■ **Work request**
Reply with one number: the count of lines in the records below that hold "partitions".

(Extracted records)
(* Let $\ell$ be an odd prime and fix $t\in\mathbb{Z}$. For $m\in\mathbb{Z}_{\ge1}$ define \[ \widetilde{\psi}_t^{(\ell)}(m) := \frac{1}{\varphi(m^2)} \sum_{\substack{n \bmod m^2\\ (n,m)=1}} \psi_{t^2 - 4\ell n}(m). \] Then the function $m\mapsto \widetilde{\psi}_t^{(\ell)}(m)$ is multiplicative.
   Context: For an integer $D=dL^2$ with $d$ a fundamental discriminant and $L\in\mathbb{Z}_{\ge0}$, $\psi_D(m):=\big(\tfrac{d}{m/(m,L)}\big)$ is a Kronecker symbol, with the convention $\psi_0(m)=1$. Here $\varphi$ is Euler's totient function, and the sum runs over residue classes $n$ modulo $m^2$ coprime to $m$. *)

theory Defs
  imports "HOL-Number_Theory.Number_Theory" "HOL-Computational_Algebra.Squarefree"
begin

definition fund_disc :: "int \<Rightarrow> bool" where
  "fund_disc d \<longleftrightarrow>
     (d mod 4 = 1 \<and> squarefree d) \<or>
     (\<exists>k. d = 4 * k \<and> (k mod 4 = 2 \<or> k mod 4 = 3) \<and> squarefree k)"

definition kron_prime :: "int \<Rightarrow> nat \<Rightarrow> int" where
  "kron_prime a p =
     (if p = 2 then (if even a then 0 else if a mod 8 = 1 \<or> a mod 8 = 7 then 1 else -1)
      else Legendre a (int p))"

definition kronecker :: "int \<Rightarrow> nat \<Rightarrow> int" where
  "kronecker a m = (\<Prod>p\<in>prime_factors m. kron_prime a p ^ multiplicity p m)"

definition psi :: "int \<Rightarrow> nat \<Rightarrow> int" where
  "psi D m = (if D = 0 then 1 else
     (let (d, L) = (THE (d, L). fund_disc d \<and> L \<ge> 0 \<and> D = d * L ^ 2)
      in kronecker d (m div gcd m (nat L))))"

definition psi_tilde :: "nat \<Rightarrow> int \<Rightarrow> nat \<Rightarrow> real" where
  "psi_tilde l t m =
     (\<Sum>n \<in> {n \<in> {0..<m^2}. coprime n m}. real_of_int (psi (t^2 - 4 * int l * int n) m))
       / real (totient (m^2))"

end

theory Submission
  imports Defs
begin
text \<open>
  Write \<open>A = A\<^sup>r + J\<close> with \<open>J t = (\<Sum>0 \<le> s < t. \<Delta>\<^sup>+A s)\<close>: the right jumps are absolutely
  summable because \<open>A\<close> has bounded variation, and \<open>A\<^sup>r\<close> is right-continuous of bounded variation
  with left jumps \<open>\<Delta>\<^sup>-A\<close>. The Stieltjes measure \<open>dA\<^sup>r\<close> has an atom \<open>\<Delta>\<^sup>-A s\<close> at each \<open>s\<close>, so
  \<open>\<integral>]0,t] (A\<^sup>r s - A\<^sup>r s-) dA\<^sup>r = \<Sum>(\<Delta>\<^sup>-A)\<^sup>2\<close>, while Riemann sums along dyadic partitions telescope
  to \<open>\<integral>]0,t] (A\<^sup>r s + A\<^sup>r s-) dA\<^sup>r = (A\<^sup>r t)\<^sup>2 - (A\<^sup>r 0)\<^sup>2\<close>. Integrating \<open>J\<close> and the right jumps
  against \<open>dA\<^sup>r\<close> and expanding \<open>(J t)\<^sup>2 = (\<Sum>u. \<Delta>\<^sup>+A u (2 J u + \<Delta>\<^sup>+A u))\<close> then shows that
  the right-hand side equals \<open>(A t)\<^sup>2 + \<Sum>(\<Delta>\<^sup>-A)\<^sup>2 + \<Sum>(\<Delta>\<^sup>+A)\<^sup>2\<close>.
\<close>

section \<open>Variation along partitions\<close>

fun partition_variation :: "(real \<Rightarrow> real) \<Rightarrow> real list \<Rightarrow> real" where
  "partition_variation f (x # y # zs) = \<bar>f y - f x\<bar> + partition_variation f (y # zs)"
| "partition_variation f _ = 0"

lemma partition_sums_altdef:
  "partition_sums f a b =
     {partition_variation f xs | xs. sorted xs \<and> xs \<noteq> [] \<and> hd xs = a \<and> last xs = b}"
proof -
  have "(\<Sum>i<length xs - 1. \<bar>f (xs ! Suc i) - f (xs ! i)\<bar>) = partition_variation f xs" for xs
  proof (induction f xs rule: partition_variation.induct)
    case (1 f x y zs)
    have "(\<Sum>i<length (x # y # zs) - 1. \<bar>f ((x # y # zs) ! Suc i) - f ((x # y # zs) ! i)\<bar>)
       = \<bar>f y - f x\<bar> + (\<Sum>i<length (y # zs) - 1. \<bar>f ((y # zs) ! Suc i) - f ((y # zs) ! i)\<bar>)"
      by (simp add: sum.lessThan_Suc_shift del: sum.lessThan_Suc)
    then show ?case using 1 by simp
  qed auto
  then show ?thesis unfolding partition_sums_def by simp
qed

■ **Solution**
2